Exercise aim: Produce the records below again, word for word, but stop after the line that contains "fix x y z assume".

Input data:
=== Section Start ===

section \<open>Real restrictions from a complex restriction to the unit tensor\<close>

locale complex_unit_restriction =
  fixes n :: nat and T :: "nat \<Rightarrow> nat \<Rightarrow> nat \<Rightarrow> real" and A B C P Q R :: "nat \<Rightarrow> nat \<Rightarrow> complex"
  assumes unit: "unit_restriction n (\<lambda>i j k. of_real (T i j k)) A B C n"
    and inverse_A: "right_inverse_mat n A P"
    and inverse_B: "right_inverse_mat n B Q"
    and inverse_C: "right_inverse_mat n C R"
begin

definition GA :: "nat \<Rightarrow> nat \<Rightarrow> complex" where "GA = conj_quot n A P"
definition GB :: "nat \<Rightarrow> nat \<Rightarrow> complex" where "GB = conj_quot n B Q"
definition GC :: "nat \<Rightarrow> nat \<Rightarrow> complex" where "GC = conj_quot n C R"

lemma decomposition:
  "contract n (\<lambda>i j k. of_real (T i j k)) u v w
     = (\<Sum>a<n. vec_mat n u P a * vec_mat n v Q a * vec_mat n w R a)"
  using unit inverse_A inverse_B inverse_C by (rule contract_decomposition)

lemma unit_restriction_conj_quot: "unit_restriction n unit_tensor GA GB GC n"
  unfolding unit_restriction_def
proof (intro allI impI)
  fix x y z assume "x < n" "y < n" "z < n"
  have "contract n unit_tensor (GA x) (GB y) (GC z)
      = contract n (\<lambda>i j k. of_real (T i j k)) (\<lambda>i. cnj (A x i)) (\<lambda>i. cnj (B y i)) (\<lambda>i. cnj (C z i))"
    unfolding contract_unit_tensor decomposition GA_def GB_def GC_def conj_quot_def ..
  also have "\<dots> = cnj (contract n (\<lambda>i j k. of_real (T i j k)) (A x) (B y) (C z))"
    by (simp add: contract_def)
  finally show "contract n unit_tensor (GA x) (GB y) (GC z) = unit_tensor x y z"
    using unit \<open>x < n\<close> \<open>y < n\<close> \<open>z < n\<close> by (simp add: unit_restriction_def unit_tensor_def)
qed

definition partner :: "nat \<Rightarrow> nat" where
  "partner x = (SOME p. p < n \<and> GA x p * GB x p * GC x p = 1
     \<and> (\<forall>a<n. a \<noteq> p \<longrightarrow> GA x a = 0 \<and> GB x a = 0 \<and> GC x a = 0))"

=== Section End ===

Result of the task:
section \<open>Real restrictions from a complex restriction to the unit tensor\<close>

locale complex_unit_restriction =
  fixes n :: nat and T :: "nat \<Rightarrow> nat \<Rightarrow> nat \<Rightarrow> real" and A B C P Q R :: "nat \<Rightarrow> nat \<Rightarrow> complex"
  assumes unit: "unit_restriction n (\<lambda>i j k. of_real (T i j k)) A B C n"
    and inverse_A: "right_inverse_mat n A P"
    and inverse_B: "right_inverse_mat n B Q"
    and inverse_C: "right_inverse_mat n C R"
begin

definition GA :: "nat \<Rightarrow> nat \<Rightarrow> complex" where "GA = conj_quot n A P"
definition GB :: "nat \<Rightarrow> nat \<Rightarrow> complex" where "GB = conj_quot n B Q"
definition GC :: "nat \<Rightarrow> nat \<Rightarrow> complex" where "GC = conj_quot n C R"

lemma decomposition:
  "contract n (\<lambda>i j k. of_real (T i j k)) u v w
     = (\<Sum>a<n. vec_mat n u P a * vec_mat n v Q a * vec_mat n w R a)"
  using unit inverse_A inverse_B inverse_C by (rule contract_decomposition)

lemma unit_restriction_conj_quot: "unit_restriction n unit_tensor GA GB GC n"
  unfolding unit_restriction_def
proof (intro allI impI)
  fix x y z assume "x < n" "y < n" "z < n"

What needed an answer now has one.